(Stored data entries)
(* Consider the two-type Bellman–Harris process described in the context. Let $H(t),k_1(t),k_2(t)$ be nonnegative functions on $[0,\infty)$ with $\lim_{t\to\infty}k_i(t)=0$ ($i=1,2$) and $\lim_{t\to\infty}H(t)=\infty$. Suppose $$\lim_{t\to\infty}H(t)\mathbf{Q}(t;1-\lambda_1k_1(t),1-\lambda_2k_2(t))=\mathbf{h}(\lambda_1,\lambda_2),\quad\lambda_1\ge0,\ \lambda_2\ge0,$$ for a function $\mathbf{h}=(h_1,h_2)$ whose components are continuous in both arguments. Then $$\lim_{t\to\infty}H(t)\mathbf{Q}(t;e^{-\lambda_1k_3(t)},e^{-\lambda_2k_4(t)})=\mathbf{h}(\lambda_1,\lambda_2)$$ for any functions $k_3,k_4$ with $\lim_{t\to\infty}k_3(t)/k_1(t)=1$ and $\lim_{t\to\infty}k_4(t)/k_2(t)=1$.
   Context: Two-type Bellman–Harris branching process $\mathbf{Z}(t)=(Z_1(t),Z_2(t))$ (particles of type $i\in\{1,2\}$ have life-length distribution $G_i$ and offspring generating function $f_i(s_1,s_2)$, and evolve independently). For $\mathbf{s}=(s_1,s_2)\in[0,1]^2$, $F_i(t;\mathbf{s})=\mathbf{E}[s_1^{Z_1(t)}s_2^{Z_2(t)}\mid\text{one initial particle of type }i]$ and $\mathbf{Q}(t;\mathbf{s})=(1-F_1(t;\mathbf{s}),1-F_2(t;\mathbf{s}))^\dagger$. *)

theory Defs
  imports "HOL-Probability.Probability"
begin

definition pgf2 :: "(nat \<times> nat) pmf \<Rightarrow> real \<Rightarrow> real \<Rightarrow> real" where
  "pgf2 p s1 s2 = measure_pmf.expectation p (\<lambda>(a, b). s1 ^ a * s2 ^ b)"

text \<open>Two-type Bellman--Harris process, described through its data:
  G i = life-length distribution of type i (a probability measure on [0,inf)),
  off i = offspring distribution of type i (so f_i = pgf2 (off i)),
  Zd i t = distribution of (Z1(t),Z2(t)) started from one particle of type i,
  so F_i(t;s) = pgf2 (Zd i t) s1 s2.  The family is required to satisfy the
  Bellman--Harris integral equation
  F_i(t;s) = s_i (1 - G_i(t)) + int_[0,t] f_i(F(t-u;s)) dG_i(u).\<close>
definition bellman_harris ::
  "(nat \<Rightarrow> real measure) \<Rightarrow> (nat \<Rightarrow> (nat \<times> nat) pmf) \<Rightarrow> (nat \<Rightarrow> real \<Rightarrow> (nat \<times> nat) pmf) \<Rightarrow> bool" where
  "bellman_harris G off Zd \<longleftrightarrow>
     (\<forall>i\<in>{1,2::nat}.
        prob_space (G i) \<and> sets (G i) = sets borel \<and> measure (G i) {..<0} = 0 \<and>
        Zd i 0 = return_pmf (if i = 1 then (1, 0) else (0, 1)) \<and>
        (\<forall>t\<ge>0. \<forall>s1\<in>{0..1}. \<forall>s2\<in>{0..1}.
           pgf2 (Zd i t) s1 s2 =
             (if i = 1 then s1 else s2) * (1 - measure (G i) {..t}) +
             (LINT u:{0..t}|G i. pgf2 (off i) (pgf2 (Zd 1 (t - u)) s1 s2) (pgf2 (Zd 2 (t - u)) s1 s2))))"

definition Qvec :: "(nat \<Rightarrow> real \<Rightarrow> (nat \<times> nat) pmf) \<Rightarrow> real \<Rightarrow> real \<Rightarrow> real \<Rightarrow> real \<times> real" where
  "Qvec Zd t s1 s2 = (1 - pgf2 (Zd 1 t) s1 s2, 1 - pgf2 (Zd 2 t) s1 s2)"

end

theory Submission
  imports Defs
begin

text \<open>With x = l k'(t), where k'(t)/k(t) tends to 1 and k(t) to 0, the bounds
  1 - x \<le> exp (-x) \<le> 1 - x + x^2 give, for every \<delta> > 0 and eventually in t,
  1 - (l + \<delta>) k(t) \<le> exp (-l k'(t)) \<le> 1 - max (l - \<delta>) 0 k(t).
  Generating functions are monotone on the unit square and H \<ge> 0, so H(t) Q(t; exp (-l k'(t)))
  is squeezed between H(t) Q at the linear arguments with l + \<delta> and l - \<delta>, whose limits are
  h at these shifted points; continuity of h then lets \<delta> tend to 0.\<close>

lemma exp_neg_le_one_minus_plus_square:
  fixes x :: real
  assumes "x \<ge> 0"
  shows "exp (- x) \<le> 1 - x + x\<^sup>2"
proof -
  have "exp (- x) = 1 / exp x"
    by (simp add: exp_minus field_simps)
  also have "\<dots> \<le> 1 / (1 + x)"
    using assms exp_ge_add_one_self[of x] by (intro divide_left_mono) auto
  also have "\<dots> \<le> 1 - x + x\<^sup>2"
  proof -
    have "1 \<le> (1 - x + x\<^sup>2) * (1 + x)"
      using assms by (simp add: algebra_simps power2_eq_square)
    then show ?thesis
      using assms by (simp add: divide_simps)
  qed
  finally show ?thesis .
qed

lemma integrable_pgf2:
  fixes s1 s2 :: real
  assumes "\<bar>s1\<bar> \<le> 1" "\<bar>s2\<bar> \<le> 1"
  shows "integrable (measure_pmf p) (\<lambda>(a, b). s1 ^ a * s2 ^ b)"
proof (rule measure_pmf.integrable_const_bound[where B = 1])
  show "AE x in measure_pmf p. norm (case x of (a, b) \<Rightarrow> s1 ^ a * s2 ^ b) \<le> 1"
    using assms by (auto simp: abs_mult power_abs intro!: AE_I2 mult_le_one power_le_one)
qed simp

lemma pgf2_mono:
  assumes "0 \<le> a1" "a1 \<le> b1" "b1 \<le> 1" "0 \<le> a2" "a2 \<le> b2" "b2 \<le> 1"
  shows "pgf2 p a1 a2 \<le> pgf2 p b1 b2"
  unfolding pgf2_def
  using assms
  by (intro integral_mono integrable_pgf2)
     (auto split: prod.splits intro!: mult_mono power_mono zero_le_power)

lemma exists_pos_of_eventually_at_right_0:
  assumes "\<forall>\<^sub>F \<delta> in at_right (0::real). P \<delta>"
  obtains \<delta> where "\<delta> > 0" "P \<delta>"
proof -
  have "\<forall>\<^sub>F \<delta> in at_right (0::real). 0 < \<delta> \<and> P \<delta>"
    using eventually_at_right_less assms by (rule eventually_conj)
  then show ?thesis
    using that eventually_happens[of _ "at_right (0::real)"] by auto
qed

lemma eventually_pos_of_ratio_tendsto_1:
  fixes k k' :: "'a \<Rightarrow> real"
  assumes ratio: "((\<lambda>t. k' t / k t) \<longlongrightarrow> 1) F" and nonneg: "\<forall>\<^sub>F t in F. k t \<ge> 0"
  shows "\<forall>\<^sub>F t in F. k t > 0 \<and> k' t > 0"
proof -
  have "\<forall>\<^sub>F t in F. k' t / k t > 0"
    using ratio by (rule order_tendstoD) simp
  with nonneg show ?thesis
    by eventually_elim (auto simp: zero_less_divide_iff)
qed
lemma q_dvd_phase_shift: "q dvd 2 * phase (shift i) - 3 * phase i"
proof (cases "i < D")
  case True
  define b where "b k = (of_bool (bit (i div L) k) :: int)" for k
  define w where "w k = (i mod L + L - k) mod L" for k
  have "(i mod L + 1) mod L < L" using two_le_L by auto
  then have "phase (shift i) = (\<Sum>k<L. b k * weight (((i mod L + 1) mod L + L - k) mod L))"
    using True shift_less[OF True] by (simp add: phase_def shift_def b_def[symmetric])
  also have "\<dots> = (\<Sum>k<L. b k * weight ((w k + 1) mod L))"
    using index_decode[OF True] succ_mod_sub[of "i mod L"] by (intro sum.cong) (simp_all add: w_def)
  finally have "phase (shift i) = (\<Sum>k<L. b k * weight ((w k + 1) mod L))" .
  moreover have "phase i = (\<Sum>k<L. b k * weight (w k))"
    using True by (simp add: phase_def b_def[symmetric] w_def)
  ultimately have "2 * phase (shift i) - 3 * phase i
      = (\<Sum>k<L. b k * (2 * weight ((w k + 1) mod L) - 3 * weight (w k)))"
    by (simp add: sum_distrib_left sum_subtractf algebra_simps)
  moreover have "q dvd \<dots>"
    using two_le_L by (intro dvd_sum dvd_mult q_dvd_weight_succ) (simp add: w_def)
  ultimately show ?thesis by simp
qed (simp add: phase_def shift_def)

lemma cmod_eig [simp]: "cmod (eig i) = 1"
  by (simp add: eig_def)

lemma eig_power: "eig i ^ n = cis (2 * pi * of_int (int n * phase i) / q)"
  by (simp add: eig_def DeMoivre field_simps)

lemma eig_shift_squared: "eig (shift i) ^ 2 = eig i ^ 3"
proof -
  have "eig (shift i) ^ 2 = cis (2 * pi * of_int (2 * phase (shift i)) / q)"
    by (simp add: eig_power)
  also have "\<dots> = cis (2 * pi * of_int (3 * phase i) / q)"
    by (rule cis_eq_mod) (rule q_dvd_phase_shift)
  also have "\<dots> = eig i ^ 3"
    by (simp add: eig_power)
  finally show ?thesis .
qed

lemma cmod_eig_diff_squared: "(cmod (eig j - eig i))^2 = 2 - 2 * cos (2 * pi * of_int (phase j - phase i) / q)"
  by (simp add: eig_def cmod_cis_diff_squared diff_divide_distrib algebra_simps)

lemma cmod_eig_flip_diff: "i < D \<Longrightarrow> (cmod (eig (flip i) - eig i))^2 = alpha"
  using phase_flip[of i] flip_sign_cases[of i]
  by (auto simp: cmod_eig_diff_squared alpha_def)

lemma cmod_eig_cube_flip_diff:
  assumes "i < D"
  shows "(cmod (eig (flip i) ^ 3 - eig i ^ 3))^2 = 2 - 2 * cos (2 * pi / q)"
proof -
  have "(cmod (eig (flip i) ^ 3 - eig i ^ 3))^2 = 2 - 2 * cos (2 * pi * of_int (3 * (phase (flip i) - phase i)) / q)"
    by (simp add: eig_power cmod_cis_diff_squared diff_divide_distrib algebra_simps)
  also have "cos (2 * pi * of_int (3 * (phase (flip i) - phase i)) / q) = cos (2 * pi * of_int (3 * third) / q)"
    using phase_flip[OF assms] flip_sign_cases[of i] by auto
  also have "\<dots> = cos (2 * pi * of_int 1 / q)"
    by (rule cos_eq_mod) (rule q_dvd_three_third)
  finally show ?thesis by simp
qed

lemma cmod_eig_shift_flip_diff:
  assumes "i < D"
  shows "(cmod (eig (shift (flip i)) - eig (shift i)))^2 = beta"
proof -
  have "cos (2 * pi * of_int (phase (shift (flip i)) - phase (shift i)) / q) = cos (2 * pi * of_int (weight 1) / q)"
    using phase_shift_flip[OF assms] flip_sign_cases[of i] by auto
  also have "\<dots> = cos (2 * pi * of_int half / q)"
    by (rule cos_eq_mod) (rule q_dvd_weight_one)
  also have "2 * pi * of_int half / q = pi + pi / q"
  proof -
    have "2 * real_of_int half = q + 1" using two_half by (metis of_int_1 of_int_add of_int_mult of_int_numeral)
    then show ?thesis using q_pos by (simp add: field_simps)
  qed
  finally show ?thesis by (simp add: cmod_eig_diff_squared beta_def)
qed

lemma q_ge_81: "5 \<le> L \<Longrightarrow> 81 \<le> q"
proof -
  assume "5 \<le> L"
  then have L1: "L = Suc (L - 1)" by simp
  have "(2::int)^(L-1) \<le> 3^(L-1)" by (intro power_mono) auto
  moreover have "(3::int)^4 \<le> 3^(L-1)" using \<open>5 \<le> L\<close> by (intro power_increasing) auto
  moreover have "q = 3 * 3^(L-1) - 2 * 2^(L-1)" unfolding q_def by (subst (1 2) L1) simp
  ultimately show ?thesis by simp
qed

text \<open>Modulo 2 pi, the angle of alpha is within 2 pi/(3 q) of 2 pi/3 or 4 pi/3.\<close>

lemma alpha_ge: "5 \<le> L \<Longrightarrow> 14/5 \<le> alpha"
proof -
  assume "5 \<le> L"
  then have q81: "81 \<le> real_of_int q" using q_ge_81 by simp
  define d where "d = 2 * pi / (3 * q)"
  have d: "0 \<le> d" "d \<le> 2 * 4 / (3 * 81)"
    unfolding d_def using q_pos by (simp, intro frac_le) (use q81 pi_less_4 in auto)
  obtain \<phi> where \<phi>: "cos \<phi> = - (1/2)" "2 * pi * third / q = \<phi> + d"
  proof (cases "3 * third = q + 1")
    case True
    then have "3 * real_of_int third = q + 1" by (metis of_int_1 of_int_add of_int_mult of_int_numeral)
    moreover have "2 * pi * third / q = 2 * pi * (3 * real_of_int third) / (3 * q)"
      by simp
    ultimately have "2 * pi * third / q = 2 * pi * (q + 1) / (3 * q)"
      by simp
    also have "\<dots> = (pi - pi/3) + d"
      using q_pos by (simp add: d_def field_simps)
    finally have "2 * pi * third / q = (pi - pi/3) + d" .
    then show ?thesis by (intro that[of "pi - pi/3"]) (simp only: cos_pi_minus cos_60)
  next
    case False
    then have "3 * real_of_int third = 2 * q + 1"
      using three_third by (metis of_int_1 of_int_add of_int_mult of_int_numeral)
    moreover have "2 * pi * third / q = 2 * pi * (3 * real_of_int third) / (3 * q)"
      by simp
    ultimately have "2 * pi * third / q = 2 * pi * (2 * q + 1) / (3 * q)"
      by simp
    also have "\<dots> = (pi + pi/3) + d"
      using q_pos by (simp add: d_def field_simps)
    finally have "2 * pi * third / q = (pi + pi/3) + d" .
    then show ?thesis by (intro that[of "pi + pi/3"]) (simp only: cos_periodic_pi2 cos_60)
  qed
  have "cos (2 * pi * third / q) \<le> cos \<phi> + d"
    using abs_cos_diff_le[of "\<phi> + d" \<phi>] d(1) \<phi>(2) by auto
  then show ?thesis using \<phi>(1) d(2) unfolding alpha_def by linarith
qed

lemma beta_ge: "5 \<le> L \<Longrightarrow> 19/5 \<le> beta"
proof -
  assume "5 \<le> L"
  then have q81: "81 \<le> real_of_int q" using q_ge_81 by simp
  have d: "0 \<le> pi / q" "pi / q \<le> 4 / 81"
    using q_pos by (simp, intro frac_le) (use q81 pi_less_4 in auto)
  have "cos 0 - cos (pi / q) \<le> pi / q"
    using abs_cos_diff_le[of 0 "pi / q"] d(1) by simp
  then show ?thesis using d(2) unfolding beta_def by simp
qed

lemma cube_flip_gap_le: "2 - 2 * cos (2 * pi / q) \<le> (8 / q)^2"
proof -
  have "2 - 2 * cos (2 * pi / q) \<le> (2 * pi / q)^2" by (rule two_minus_two_cos_le)
  also have "\<dots> \<le> (8 / q)^2"
    using q_pos pi_less_4 by (intro power_mono divide_right_mono) auto
  finally show ?thesis .
qed

end

locale bs_matrices = bs_phases +
  fixes N :: nat and c s :: real
  assumes D_le_N: "D \<le> N" and cos_sin: "c^2 + s^2 = 1"
begin

text \<open>R rotates each coordinate plane spanned by i and flip i (i < D) by the angle with
  cosine c and sine s.\<close>

definition rot_diag :: "nat \<Rightarrow> complex" where
  "rot_diag i = (if i < D then of_real c else 1)"

definition rot_off :: "nat \<Rightarrow> complex" where
  "rot_off i = (if i < D then of_int (flip_sign i) * of_real s else 0)"

definition R :: "complex mat" where "R = pair_mat N flip rot_diag rot_off"
definition A :: "complex mat" where "A = mat_diag N eig"
definition P :: "complex mat" where "P = perm_mat N shift"
definition B :: "complex mat" where "B = P * cadj R"

definition conj_diag :: "(nat \<Rightarrow> complex) \<Rightarrow> nat \<Rightarrow> complex" where
  "conj_diag x i = (if i < D then of_real (c^2) * x i + of_real (s^2) * x (flip i) else x i)"

definition conj_off :: "(nat \<Rightarrow> complex) \<Rightarrow> nat \<Rightarrow> complex" where
  "conj_off x i = (if i < D then of_int (flip_sign i) * of_real (c * s) * (x (flip i) - x i) else 0)"

lemma involution_flip: "involution_below N flip"
  using involution_below_flip[OF D_le_N] .

lemma sum_below_D: "(\<Sum>i<N. if i < D then f i else 0) = (\<Sum>i<D. f i)"
proof -
  have "{..<N} \<inter> {i. i < D} = {..<D}" using D_le_N by auto
  then show ?thesis by (simp add: sum.If_cases)
qed

lemma carrier_mats [simp]: "R \<in> carrier_mat N N" "A \<in> carrier_mat N N" "P \<in> carrier_mat N N" "B \<in> carrier_mat N N"
  by (simp_all add: R_def A_def P_def B_def mult_carrier_mat[of _ N N _ N])

lemma cadj_R: "cadj R = pair_mat N flip rot_diag (\<lambda>i. rot_off (flip i))"
  unfolding R_def cadj_pair_mat[OF involution_flip]
  by (rule pair_mat_cong) (auto simp: rot_diag_def rot_off_def flip_above)

lemma R_cadj_R: "R * cadj R = 1\<^sub>m N"
proof -
  have cs: "complex_of_real c * of_real c + of_real s * of_real s = 1"
    using cos_sin by (simp add: power2_eq_square flip: of_real_mult of_real_add)
  have "R * cadj R = pair_mat N flip
      (\<lambda>i. rot_diag i * rot_diag i + rot_off i * rot_off (flip (flip i)))
      (\<lambda>i. rot_diag i * rot_off (flip i) + rot_off i * rot_diag (flip i))"
    unfolding cadj_R by (simp only: R_def pair_mat_mult[OF involution_flip])
  also have "\<dots> = pair_mat N flip (\<lambda>_. 1) (\<lambda>_. 0)"
  proof (rule pair_mat_cong)
    fix i
    show "rot_diag i * rot_diag i + rot_off i * rot_off (flip (flip i)) = 1"
      using cs flip_sign_cases[of i] by (auto simp: rot_diag_def rot_off_def flip_flip)
    show "rot_diag i * rot_off (flip i) + rot_off i * rot_diag (flip i) = 0"
      using flip_less[of i] flip_sign_flip[of i]
      by (cases "i < D") (auto simp: rot_diag_def rot_off_def flip_above)
  qed
  finally show ?thesis by (simp flip: mat_diag_eq_pair_mat)
qed

lemma unitary_B: "unitary_mat N B"
proof -
  have "unitary_mat N (cadj R)"
    by (rule unitary_matI) (simp_all add: cadj_cadj R_cadj_R)
  moreover have "unitary_mat N P"
    unfolding P_def using shift_below[OF D_le_N] inj_on_shift by (rule unitary_perm_mat)
  ultimately show ?thesis unfolding B_def by (rule unitary_mat_mult[rotated])
qed

lemma unitary_A: "unitary_mat N A"
  unfolding A_def by (rule unitary_mat_diag) simp

lemma conj_B_diag: "mat_inv B * mat_diag N x * B = R * mat_diag N (\<lambda>i. x (shift i)) * cadj R"
proof -
  have "mat_inv B = R * cadj P"
    using mat_inv_unitary[OF unitary_B] by (simp add: B_def cadj_mult[of _ N N _ N] cadj_cadj)
  then have "mat_inv B * mat_diag N x * B = R * (cadj P * mat_diag N x * P) * cadj R"
    by (simp add: B_def assoc_mult_mat[of _ N N _ N _ N] mult_carrier_mat[of _ N N _ N])
  also have "cadj P * mat_diag N x * P = mat_diag N (\<lambda>i. x (shift i))"
    unfolding P_def using shift_below[OF D_le_N] inj_on_shift by (rule perm_mat_conj_diag)
  finally show ?thesis .
qed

» Work item
Display each line of the data where "whose" occurs.

» Solved problem
(* Consider the two-type Bellman–Harris process described in the context. Let $H(t),k_1(t),k_2(t)$ be nonnegative functions on $[0,\infty)$ with $\lim_{t\to\infty}k_i(t)=0$ ($i=1,2$) and $\lim_{t\to\infty}H(t)=\infty$. Suppose $$\lim_{t\to\infty}H(t)\mathbf{Q}(t;1-\lambda_1k_1(t),1-\lambda_2k_2(t))=\mathbf{h}(\lambda_1,\lambda_2),\quad\lambda_1\ge0,\ \lambda_2\ge0,$$ for a function $\mathbf{h}=(h_1,h_2)$ whose components are continuous in both arguments. Then $$\lim_{t\to\infty}H(t)\mathbf{Q}(t;e^{-\lambda_1k_3(t)},e^{-\lambda_2k_4(t)})=\mathbf{h}(\lambda_1,\lambda_2)$$ for any functions $k_3,k_4$ with $\lim_{t\to\infty}k_3(t)/k_1(t)=1$ and $\lim_{t\to\infty}k_4(t)/k_2(t)=1$.
  is squeezed between H(t) Q at the linear arguments with l + \<delta> and l - \<delta>, whose limits are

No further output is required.